Je vous laisse sur ces paroles. Elles illustrent la conversion de Stern.

J'aurais voulu insister davantage sur son aspect spécifiquement hébraïque, en faisant intervenir le sens et les paroles de l 'Ancien Testament, la vie et la destinée du peuple juif. J'ai craint de m'aventurer dans un domaine que nos études nous ont fait parcourir avec des oeillères. Stern fait preuve en tout temps d'une telle largeur d'esprit, ses considérations ont une telle envergure que mon interprétation aurait pu trahir sa pensée et peut-être aussi la vérité.

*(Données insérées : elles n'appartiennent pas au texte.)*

text \<open>
  For \<open>u \<in> U_H\<close> write \<open>r\<^sub>i = radius u\<^sub>i\<close>, \<open>c\<^sub>i = cosh r\<^sub>i\<close>, let \<open>l\<^sub>i\<close> be the
  side lengths and \<open>L\<^sub>i = cosh l\<^sub>i\<close>.  The Jacobian factors by the chain rule as
  \<open>d\<alpha>/du = (d\<alpha>/dl) (dl/du)\<close>:

  \<^item> \<open>dl\<^sub>i/du\<^sub>j = K\<^sub>i\<^sub>j / sinh l\<^sub>i\<close> for \<open>i \<noteq> j\<close>, with \<open>K\<^sub>i\<^sub>j = L\<^sub>i c\<^sub>j - c\<^sub>k\<close> (\<open>k\<close> the third
    index), and \<open>dl\<^sub>i/du\<^sub>i = 0\<close>; every \<open>K\<^sub>i\<^sub>j\<close> is positive;
  \<^item> \<open>d\<alpha>\<^sub>i/dl\<^sub>j = M\<^sub>i\<^sub>j / (sinh l\<^sub>j sqrt \<Delta>)\<close>, where \<open>\<Delta> > 0\<close> is the determinant of the
    Gram matrix \<open>C = [[1,L\<^sub>3,L\<^sub>2],[L\<^sub>3,1,L\<^sub>1],[L\<^sub>2,L\<^sub>1,1]]\<close> and \<open>M = -adj C\<close>.

  Hence \<open>x\<^sup>T J x = -(1/sqrt \<Delta>) y\<^sup>T Q y / \<Delta>\<close> with \<open>y = M x\<close> and
  \<open>Q = diag(1/sinh\<^sup>2 l\<^sub>i) K C\<close>, a symmetric matrix with off-diagonal entries \<open>c\<^sub>k\<close>.
  Negative definiteness of \<open>J\<close> thus reduces to positive definiteness of \<open>Q\<close>, which we
  obtain from Sylvester's criterion: \<open>det Q = det K det C / \<Pi>(L\<^sub>i\<^sup>2 - 1) > 0\<close>, the
  diagonal is positive, and since at most one angle of the triangle is obtuse some
  principal \<open>2\<times>2\<close> minor is positive.
\<close>

text \<open>The proof
  writes \<open>d1 m Q\<close> as a sum of squares (\<open>m\<close> the \<open>2\<times>2\<close> minor).\<close>
lemma sylvester_3:
  fixes d1 d2 d3 f1 f2 f3 y1 y2 y3 :: real
  assumes d1: "d1 > 0" and minor: "d1*d2 - f3^2 > 0"
    and det: "d1*d2*d3 + 2*f1*f2*f3 - d1*f1^2 - d2*f2^2 - d3*f3^2 > 0"
    and y: "y1 \<noteq> 0 \<or> y2 \<noteq> 0 \<or> y3 \<noteq> 0"
  shows "d1*y1^2 + d2*y2^2 + d3*y3^2 + 2*f3*y1*y2 + 2*f2*y1*y3 + 2*f1*y2*y3 > 0"
proof -
  define m where "m = d1*d2 - f3^2"
  define \<Delta> where "\<Delta> = d1*d2*d3 + 2*f1*f2*f3 - d1*f1^2 - d2*f2^2 - d3*f3^2"
  define Q where "Q = d1*y1^2 + d2*y2^2 + d3*y3^2 + 2*f3*y1*y2 + 2*f2*y1*y3 + 2*f1*y2*y3"
  have squares: "d1*m*Q = m*(d1*y1 + f3*y2 + f2*y3)^2 + (m*y2 + (d1*f1 - f2*f3)*y3)^2 + d1*\<Delta>*y3^2"
    unfolding m_def \<Delta>_def Q_def by (simp add: power2_eq_square algebra_simps)
  have m: "m > 0" and \<Delta>: "\<Delta> > 0" using minor det by (simp_all add: m_def \<Delta>_def)
  have "d1*m*Q > 0"
  proof (cases "y3 = 0")
    case False
    then have "d1*\<Delta>*y3^2 > 0" using d1 \<Delta> by simp
    then show ?thesis unfolding squares using m by (smt (verit) mult_nonneg_nonneg zero_le_power2)
  next
    case y3: True
    show ?thesis
    proof (cases "y2 = 0")
      case False
      then have "(m*y2 + (d1*f1 - f2*f3)*y3)^2 > 0" using y3 m by simp
      then show ?thesis unfolding squares using m d1 \<Delta>
        by (smt (verit) mult_nonneg_nonneg zero_le_power2)
    next
      case True
      then have "m*(d1*y1 + f3*y2 + f2*y3)^2 > 0" using y y3 m d1 by simp
      then show ?thesis unfolding squares using m d1 \<Delta>
        by (smt (verit) mult_nonneg_nonneg zero_le_power2)
    qed
  qed
  then show ?thesis using d1 m unfolding Q_def by (metis mult_pos_pos zero_less_mult_pos)
qed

D'ailleurs, je vous avouerai que le climat stable de notre vie religieuse, d'où le danger et l'incertitude sont exclus et l'ont toujours été, prépare mal à comprendre et à traduire l'angoisse et l'inquiétude qui saisit le néophyte particulièrement - juif.

Voilà ce que j'éprouvais, -en lisant attentivement, cette fois à notre attention -ce livre dont je me voyais poussée à vous faire le récit.

La sincérité de Stern nous fait partager son inquiétude et son angoisse. Heureuse inquiéetude - angoisse bienfaisante! Elles vous permettent de recevoir le message de ce livre -qui est celui d'une foi non plus de routine, mais intégrée dans la vie, agissante et rayonnante.